BEGIN Listed records

definition admissible :: "(nat \<Rightarrow> nat) \<Rightarrow> nat \<Rightarrow> nat \<Rightarrow> bool" where
  "admissible p n v \<longleftrightarrow> v \<notin> excluded p n \<and>
     (\<forall>r. H r = n \<longrightarrow> (\<exists>i\<in>T (fst (prod_decode r)). v = h i n))"

lemma H_le_H_iff: "H j \<le> H r \<longleftrightarrow> j \<le> r"
  using strict_mono_H by (rule strict_mono_less_eq)

lemma le_H: "j \<le> H j"
  using strict_mono_H by (rule strict_mono_imp_increasing)

lemma unhit_cong: "(\<And>m. m < n \<Longrightarrow> p m = q m) \<Longrightarrow> unhit p k n = unhit q k n"
  unfolding unhit_def by auto

lemma admissible_cong:
  assumes "\<And>m. m < n \<Longrightarrow> p m = q m"
  shows "admissible p n v = admissible q n v"
proof -
  have "protected p k r = protected q k r" if "H r \<le> n" for k r
    unfolding protected_def using unhit_cong[of "H r" p q k] assms that by simp
  then have "(\<lambda>(k, r). h (protected p k r) n) ` {(k, r). k \<le> r \<and> H r \<le> n} =
      (\<lambda>(k, r). h (protected q k r) n) ` {(k, r). k \<le> r \<and> H r \<le> n}"
    by (intro image_cong) auto
  then have "forbidden p n = forbidden q n"
    by (simp add: forbidden_def)
  moreover have "popular p k n = popular q k n" for k
    unfolding popular_def using unhit_cong[of n p q k] assms by simp
  ultimately show ?thesis
    unfolding admissible_def excluded_def by simp
qed

lemma unhit_at_H: "unhit p k (H k) = T k"
  unfolding unhit_def by auto

lemma infinite_unhit_Suc:
  assumes "H k \<le> n" and "p n \<notin> popular p k n"
  shows "infinite (unhit p k (Suc n))"
proof -
  have "unhit p k (Suc n) = {i \<in> unhit p k n. h i n \<noteq> p n}"
    unfolding unhit_def using assms(1) by (auto simp: less_Suc_eq)
  with assms(2) show ?thesis
    unfolding popular_def by simp
qed

lemma infinite_unhit:
  assumes "\<And>m. m < n \<Longrightarrow> admissible p m (p m)" and "H k \<le> n"
  shows "infinite (unhit p k n)"
proof (cases "n = H k")
  case True
  then show ?thesis by (simp add: unhit_at_H infinite_T)
next
  case False
  then obtain m where m: "n = Suc m" "H k \<le> m"
    using assms(2) by (cases n) auto
  then have "p m \<notin> popular p k m"
    using assms(1) unfolding admissible_def excluded_def by blast
  with m show ?thesis
    using infinite_unhit_Suc by blast
qed

lemma popular_subset_singleton:
  assumes "infinite (unhit p k n)"
  shows "\<exists>v. popular p k n \<subseteq> {v}"
proof -
  have "u = v" if "u \<in> popular p k n" "v \<in> popular p k n" for u v
  proof (rule ccontr)
    assume "u \<noteq> v"
    then have "unhit p k n \<subseteq> {i \<in> unhit p k n. h i n \<noteq> u} \<union> {i \<in> unhit p k n. h i n \<noteq> v}"
      by auto
    with that assms show False
      unfolding popular_def by (auto dest: finite_subset)
  qed
  then show ?thesis by blast
qed

lemma finite_popular: "infinite (unhit p k n) \<Longrightarrow> finite (popular p k n)"
  using popular_subset_singleton finite_subset by blast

END Listed records

#### Problem:
Reproduce verbatim only this range: the first line of the material through the line that contains "using strict_mono_H by (rule strict_mono_less_eq)", inclusive.

#### Completed exercise:
definition admissible :: "(nat \<Rightarrow> nat) \<Rightarrow> nat \<Rightarrow> nat \<Rightarrow> bool" where
  "admissible p n v \<longleftrightarrow> v \<notin> excluded p n \<and>
     (\<forall>r. H r = n \<longrightarrow> (\<exists>i\<in>T (fst (prod_decode r)). v = h i n))"

lemma H_le_H_iff: "H j \<le> H r \<longleftrightarrow> j \<le> r"
  using strict_mono_H by (rule strict_mono_less_eq)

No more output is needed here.